[Records contained in a dataset]
theorem mainTheorem15:
  fixes M :: "'a measure" and X :: "nat \<Rightarrow> 'a \<Rightarrow> real" and \<alpha> \<sigma>2 :: real
  assumes "prob_space M"
    and "\<And>i. i \<ge> 1 \<Longrightarrow> X i \<in> borel_measurable M"
    and "prob_space.indep_vars M (\<lambda>_. borel) X {1..}"
    and "\<And>i. i \<ge> 1 \<Longrightarrow> distr M borel (X i) = distr M borel (X 1)"
    and "\<And>i \<omega>. i \<ge> 1 \<Longrightarrow> \<omega> \<in> space M \<Longrightarrow> X i \<omega> \<in> {0..1}"
    and "integral\<^sup>L M (\<lambda>\<omega>. (X 1 \<omega> - integral\<^sup>L M (X 1))\<^sup>2) = \<sigma>2"
    and "\<sigma>2 > 0"
    and "0 < \<alpha>" and "\<alpha> < 1"
  shows "AE \<omega> in M.
    ((\<lambda>t::nat. (\<Sum>i=1..t. lam \<alpha> X i \<omega>) /
        (2 * sqrt (2 * ln (2 / \<alpha>) / \<sigma>2) * sqrt (real t / ln (real t))))
      \<longlongrightarrow> 1) at_top"
proof -
  interpret prob_space M by fact
  define \<mu> where "\<mu> = expectation (X 1)"
  define f where "f x = (x - \<mu>)\<^sup>2" for x
  have "\<mu> \<in> {0..1}"
    unfolding \<mu>_def using assms(2,5) by (intro expectation_in_interval) auto
  then have f_bounded: "f (X i \<omega>) \<in> {0..1}" if "i \<ge> 1" "\<omega> \<in> space M" for i \<omega>
    using assms(5)[OF that] by (simp add: f_def abs_square_le_1 abs_le_iff)
  have "AE \<omega> in M. (\<lambda>n. (\<Sum>i=1..n. X i \<omega>) / real n) \<longlonglongrightarrow> \<mu>"
    unfolding \<mu>_def by (rule strong_law_of_large_numbers_bounded_iid[OF assms(2-5)]) simp_all
  moreover have "AE \<omega> in M.
      (\<lambda>n. (\<Sum>i=1..n. f (X i \<omega>)) / real n) \<longlonglongrightarrow> expectation (\<lambda>\<omega>. f (X 1 \<omega>))"
    by (rule strong_law_of_large_numbers_bounded_iid_transform[of X f, OF assms(2-4) _ f_bounded])
      (unfold f_def, measurable)
  moreover have "AE \<omega> in M. \<omega> \<in> space M"
    by simp
  ultimately show ?thesis
  proof eventually_elim
    case (elim \<omega>)
    have "(\<lambda>t. sigma2_hat X t \<omega>) \<longlonglongrightarrow> \<sigma>2"
      by (rule sigma2_hat_tendsto[of X \<omega> \<mu>, OF _ \<open>\<mu> \<in> {0..1}\<close> elim(1)])
        (use elim assms(5,6) in \<open>simp_all add: f_def \<mu>_def\<close>)
    then show ?case
      by (rule lam_partial_sum_asymptotic) (use assms(7-9) in auto)
  qed
qed

end
section \<open>Strongly continuous semigroups\<close>

lemma integral_average_tendsto:
  fixes f :: "real \<Rightarrow> 'a::banach"
  assumes f: "continuous_on {a..b} f" and ab: "a < b"
  shows "((\<lambda>h. (1 / h) *\<^sub>R integral {a..a + h} f) \<longlongrightarrow> f a) (at_right 0)"
proof -
  have "((\<lambda>u. integral {a..u} f) has_vector_derivative f a) (at_right a)"
    using integral_has_vector_derivative[OF f, of a] ab by (simp add: at_within_Icc_at_right)
  then have "((\<lambda>u. (1 / norm (u - a)) *\<^sub>R (integral {a..u} f - (u - a) *\<^sub>R f a)) \<longlongrightarrow> 0) (at_right a)"
    by (simp add: has_vector_derivative_def has_derivative_within)
  then have "((\<lambda>h. (1 / norm h) *\<^sub>R (integral {a..h + a} f - h *\<^sub>R f a)) \<longlongrightarrow> 0) (at_right 0)"
    by (simp add: filterlim_at_right_to_0[of _ _ a])
  then have "((\<lambda>h. (1 / h) *\<^sub>R integral {a..a + h} f - f a) \<longlongrightarrow> 0) (at_right 0)"
  proof (rule Lim_transform_eventually)
    show "\<forall>\<^sub>F h in at_right 0. (1 / norm h) *\<^sub>R (integral {a..h + a} f - h *\<^sub>R f a)
        = (1 / h) *\<^sub>R integral {a..a + h} f - f a"
      by (auto simp: eventually_at_right_field add.commute scaleR_diff_right intro: exI[of _ 1])
  qed
  then show ?thesis
    by (simp add: LIM_zero_iff)
qed

lemma closed_cover_interior:
  fixes E :: "nat \<Rightarrow> 'a::banach set"
  assumes closed: "\<And>m. closed (E m)" and cover: "(\<Union>m. E m) = UNIV"
  obtains m where "interior (E m) \<noteq> {}"
proof -
  have "euclidean interior_of (\<Union>m. E m) = {}" if "\<And>m. interior (E m) = {}"
  proof (rule Baire_category_alt)
    show "completely_metrizable_space (euclidean :: 'a topology) \<or>
        locally_compact_space (euclidean :: 'a topology) \<and> regular_space (euclidean :: 'a topology)"
      using completely_metrizable_space_euclidean by blast
    show "closedin euclidean S \<and> euclidean interior_of S = {}" if "S \<in> range E" for S
      using that closed \<open>\<And>m. interior (E m) = {}\<close>
      by (auto simp: euclidean_interior_of closed_closedin[symmetric])
  qed simp
  with that show ?thesis
    unfolding cover euclidean_interior_of by auto
qed

lemma norm_le_of_bounded_on_ball:
  assumes lin: "bounded_linear L" and \<epsilon>: "\<epsilon> > 0"
    and bound: "\<And>x. x \<in> ball x0 \<epsilon> \<Longrightarrow> norm (L x) \<le> m"
  shows "norm (L y) \<le> (4 * m / \<epsilon>) * norm y"
proof (cases "y = 0")
  case True
  then show ?thesis using lin by (simp add: linear_simps)
next
  case False
  define y' where "y' = (\<epsilon> / (2 * norm y)) *\<^sub>R y"
  have "norm y' = \<epsilon> / 2" using False \<epsilon> by (simp add: y'_def)
  then have "norm (L (x0 + y')) \<le> m" "norm (L x0) \<le> m"
    using \<epsilon> by (auto intro!: bound simp: dist_norm)
  then have "norm (L y') \<le> 2 * m"
    using norm_triangle_ineq4[of "L (x0 + y')" "L x0"] lin by (simp add: linear_simps)
  then have "(\<epsilon> / (2 * norm y)) * norm (L y) \<le> 2 * m"
    using lin \<epsilon> by (simp add: y'_def linear_simps)
  then show ?thesis using \<epsilon> False by (simp add: field_simps)
qed

lemma uniform_boundedness:
  fixes T :: "'i \<Rightarrow> 'a::banach \<Rightarrow> 'b::real_normed_vector"
  assumes lin: "\<And>i. bounded_linear (T i)"
    and pointwise: "\<And>x. \<exists>B. \<forall>i. norm (T i x) \<le> B"
  obtains M where "\<And>i x. norm (T i x) \<le> M * norm x"
proof -
  define E where "E m = {x. \<forall>i. norm (T i x) \<le> real m}" for m :: nat
  have closed: "closed (E m)" for m
  proof -
    have "E m = (\<Inter>i. (\<lambda>x. norm (T i x)) -` {..real m})"
      by (auto simp: E_def)
    moreover have "continuous_on UNIV (\<lambda>x. norm (T i x))" for i
      by (intro continuous_intros linear_continuous_on lin)
    ultimately show ?thesis
      by (auto intro!: closed_INT closed_vimage)
  qed
  have "(\<Union>m. E m) = UNIV"
  proof -
    have "\<exists>m. x \<in> E m" for x
    proof -
      obtain B where "\<forall>i. norm (T i x) \<le> B" using pointwise by blast
      moreover obtain m :: nat where "B \<le> real m" using real_arch_simple by blast
      ultimately show ?thesis by (auto simp: E_def intro: order_trans)
    qed
    then show ?thesis by blast
  qed
  then obtain m where "interior (E m) \<noteq> {}"
    using closed_cover_interior closed by blast
  then obtain x0 \<epsilon> where \<epsilon>: "\<epsilon> > 0" "ball x0 \<epsilon> \<subseteq> E m"
    by (auto simp: mem_interior)
  have "norm (T i y) \<le> (4 * real m / \<epsilon>) * norm y" for i y
    using \<epsilon> by (intro norm_le_of_bounded_on_ball[OF lin]) (auto simp: E_def)
  then show ?thesis by (rule that)
qed
text \<open>Coordinates with \<open>v $ j = 0\<close> are dropped first, as \<open>sum_indep_normal\<close> needs positive
  variances.\<close>
lemma distributed_gauss_vec_unit_projection:
  assumes v: "v \<in> carrier_vec d" "v \<bullet> v = 1"
  shows "distributed (gauss_vec d) lborel (\<lambda>x. v \<bullet> vec d x) std_normal_density"
proof -
  interpret P: prob_space "gauss_vec d" by (rule prob_space_gauss_vec)
  define J where "J = {j. j < d \<and> v $ j \<noteq> 0}"
  have sumJ: "(\<Sum>j<d. f j) = (\<Sum>j\<in>J. f j)" if "\<And>j. v $ j = 0 \<Longrightarrow> f j = 0" for f :: "nat \<Rightarrow> real"
    unfolding J_def using that by (intro sum.mono_neutral_right) auto
  have "(\<Sum>j<d. (v $ j)\<^sup>2) = 1"
    using v by (simp add: scalar_prod_def power2_eq_square atLeast0LessThan)
  hence "(\<Sum>j\<in>J. (v $ j)\<^sup>2) = 1" using sumJ[of "\<lambda>j. (v $ j)\<^sup>2"] by simp
  hence J1: "(\<Sum>j\<in>J. \<bar>v $ j\<bar>\<^sup>2) = 1" and "J \<noteq> {}" by auto
  have "P.indep_vars (\<lambda>_. std_normal) (\<lambda>j x. x j) {..<d}"
    using indep_vars_PiM_components[of "{..<d}" "\<lambda>_. std_normal"] prob_space_std_normal
    unfolding gauss_vec_def by auto
  hence "P.indep_vars (\<lambda>_. std_normal) (\<lambda>j x. x j) J"
    by (rule P.indep_vars_subset) (auto simp: J_def)
  hence ind: "P.indep_vars (\<lambda>_. borel) (\<lambda>j x. v $ j * x j) J"
    by (rule P.indep_vars_compose2) (subst measurable_cong_sets[OF sets_std_normal refl], measurable)
  have distj: "distributed (gauss_vec d) lborel (\<lambda>x. v $ j * x j) (normal_density 0 \<bar>v $ j\<bar>)"
    if "j \<in> J" for j
  proof -
    have "distr (gauss_vec d) lborel (\<lambda>x. x j) = distr (gauss_vec d) std_normal (\<lambda>x. x j)"
      by (intro distr_cong) auto
    also have "\<dots> = std_normal"
      unfolding gauss_vec_def using that by (intro distr_PiM_component prob_space_std_normal) (auto simp: J_def)
    finally have "distributed (gauss_vec d) lborel (\<lambda>x. x j) std_normal_density"
      unfolding distributed_def std_normal_def by auto
    from P.normal_density_affine[OF this, of "v $ j" 0] that show ?thesis by (simp add: J_def)
  qed
  have "distributed (gauss_vec d) lborel (\<lambda>x. \<Sum>j\<in>J. v $ j * x j)
          (normal_density (\<Sum>j\<in>J. 0) (sqrt (\<Sum>j\<in>J. \<bar>v $ j\<bar>\<^sup>2)))"
    by (rule P.sum_indep_normal[OF _ \<open>J \<noteq> {}\<close> ind]) (auto simp: J_def intro: distj)
  moreover have "(\<lambda>x. v \<bullet> vec d x) = (\<lambda>x. \<Sum>j\<in>J. v $ j * x j)"
    by (subst scalar_prod_vec, subst sumJ) auto
  ultimately show ?thesis using J1 by simp
qed
lemma card_mult_le_sum_mod:
  assumes N: "N \<ge> 1" and g_nonneg: "\<forall>n\<in>{0..<int N}. 0 \<le> g n"
    and inj: "inj_on (\<lambda>n. n mod int N) B" and large: "\<forall>n\<in>B. c \<le> g (n mod int N)"
  shows "real (card B) * c \<le> (\<Sum>n\<in>{0..<int N}. g n)"
proof -
  let ?r = "\<lambda>n. n mod int N"
  have "real (card B) * c = real (card (?r ` B)) * c"
    using card_image[OF inj] by simp
  also have "\<dots> \<le> (\<Sum>m\<in>?r ` B. g m)"
    using large by (intro sum_bounded_below) auto
  also have "\<dots> \<le> (\<Sum>n\<in>{0..<int N}. g n)"
    using N g_nonneg by (intro sum_mono2) auto
  finally show ?thesis .
qed
section \<open>The discrete estimate\<close>

lemma sin_le_taylor5:
  fixes x :: real assumes "0 \<le> x" shows "sin x \<le> x - x^3/6 + x^5/120"
proof -
  have "\<bar>sin x - (\<Sum>m<5. sin_coeff m * x ^ m)\<bar> \<le> inverse (fact 5) * \<bar>x\<bar> ^ 5"
    by (rule Maclaurin_sin_bound)
  moreover have "(\<Sum>m<5. sin_coeff m * x ^ m) = x - x^3/6"
  proof -
    have "{..<5::nat} = {0, 1, 2, 3, 4}" by auto
    thus ?thesis by (simp add: sin_coeff_def fact_numeral)
  qed
  moreover have "inverse (fact 5) * \<bar>x\<bar> ^ 5 = x^5/120"
    using assms by (simp add: fact_numeral field_simps)
  ultimately show ?thesis by linarith
qed

lemma x_minus_sin_cubic:
  fixes x :: real
  assumes "0 \<le> x" "x \<le> pi/2"
  shows "4 / (3 * pi^2) * x^3 \<le> x - sin x"
proof -
  have p: "3.14 \<le> pi" "pi \<le> 3.15" using pi_approx by auto
  have "9.8 \<le> pi^2" "pi^2 \<le> 10"
    using power_mono[OF p(1), of 2] power_mono[OF p(2), of 2] by (simp_all add: power2_eq_square)
  hence "9.8 * 70 \<le> pi^2 * (80 - pi^2)" by (intro mult_mono) auto
  hence "4 / (3 * pi^2) \<le> 1/6 - pi^2/480" by (simp add: field_simps)
  also have "\<dots> \<le> 1/6 - x^2/120"
    using power_mono[of x "pi/2" 2] assms by (simp add: power_divide)
  finally have "4 / (3 * pi^2) * x^3 \<le> (1/6 - x^2/120) * x^3" using assms by (intro mult_right_mono) auto
  also have "\<dots> = x^3/6 - x^5/120" by (simp add: field_simps eval_nat_numeral)
  also have "\<dots> \<le> x - sin x" using sin_le_taylor5[OF assms(1)] by linarith
  finally show ?thesis .
qed
lemma amalg_rel_DirProd_normal_form:
  "w \<in> lists (UNIV \<times> carrier (G \<times>\<times> K)) \<Longrightarrow>
     R w (embed (map (apsnd fst) w) @ [(0, \<one>\<^bsub>G\<^esub>, snd_prod K w)])"
proof (induction w)
  case Nil
  show ?case using amalg_rel.sym[OF amalg_rel.one[of "G \<times>\<times> K" "H \<times> carrier K" 0]] by simp
next
  case (Cons x w)
  obtain i g k where x: "x = (i, g, k)" and gk: "g \<in> carrier G" "k \<in> carrier K"
    and w: "w \<in> lists (UNIV \<times> carrier (G \<times>\<times> K))"
    using Cons.prems by (cases x) auto
  define u p where "u = map (apsnd fst) w" and "p = snd_prod K w"
  have u: "u \<in> lists (UNIV \<times> carrier G)" and p: "p \<in> carrier K"
    using w snd_prod_closed[OF K.monoid_axioms w] by (auto simp: u_def p_def)
  have "R (x # w) ([(i, g, \<one>\<^bsub>K\<^esub>), (0, \<one>\<^bsub>G\<^esub>, k)] @ embed u @ [(0, \<one>\<^bsub>G\<^esub>, p)])"
    using amalg_rel.append[OF amalg_rel_DirProd_split_letter[OF gk] Cons.IH[OF w]]
    by (simp add: x u_def p_def)
  also have "\<dots> = [(i, g, \<one>\<^bsub>K\<^esub>)] @ ((0, \<one>\<^bsub>G\<^esub>, k) # embed u) @ [(0, \<one>\<^bsub>G\<^esub>, p)]"
    by simp
  also have "R \<dots> ([(i, g, \<one>\<^bsub>K\<^esub>)] @ (embed u @ [(0, \<one>\<^bsub>G\<^esub>, k)]) @ [(0, \<one>\<^bsub>G\<^esub>, p)])"
    using amalg_rel_in_context[OF amalg_rel_DirProd_commute[OF gk(2) u], of "[(i, g, \<one>\<^bsub>K\<^esub>)]"]
      gk p by simp
  also have "\<dots> = ((i, g, \<one>\<^bsub>K\<^esub>) # embed u) @ [(0, \<one>\<^bsub>G\<^esub>, k), (0, \<one>\<^bsub>G\<^esub>, p)] @ []"
    by simp
  also have "R \<dots> (((i, g, \<one>\<^bsub>K\<^esub>) # embed u) @ [(0, \<one>\<^bsub>G\<^esub>, k \<otimes>\<^bsub>K\<^esub> p)] @ [])"
    using amalg_rel_in_context[OF amalg_rel.mult[of "(\<one>\<^bsub>G\<^esub>, k)" "G \<times>\<times> K" "(\<one>\<^bsub>G\<^esub>, p)" "H \<times> carrier K" 0],
        of "(i, g, \<one>\<^bsub>K\<^esub>) # embed u" "[]"]
      gk p u by simp
  finally show ?case by (simp add: x u_def p_def)
qed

*Task*. Wherever a line in the records contains the word "Union", copy that line.

*Solved exercise*.
  assumes closed: "\<And>m. closed (E m)" and cover: "(\<Union>m. E m) = UNIV"
  have "euclidean interior_of (\<Union>m. E m) = {}" if "\<And>m. interior (E m) = {}"
  have "(\<Union>m. E m) = UNIV"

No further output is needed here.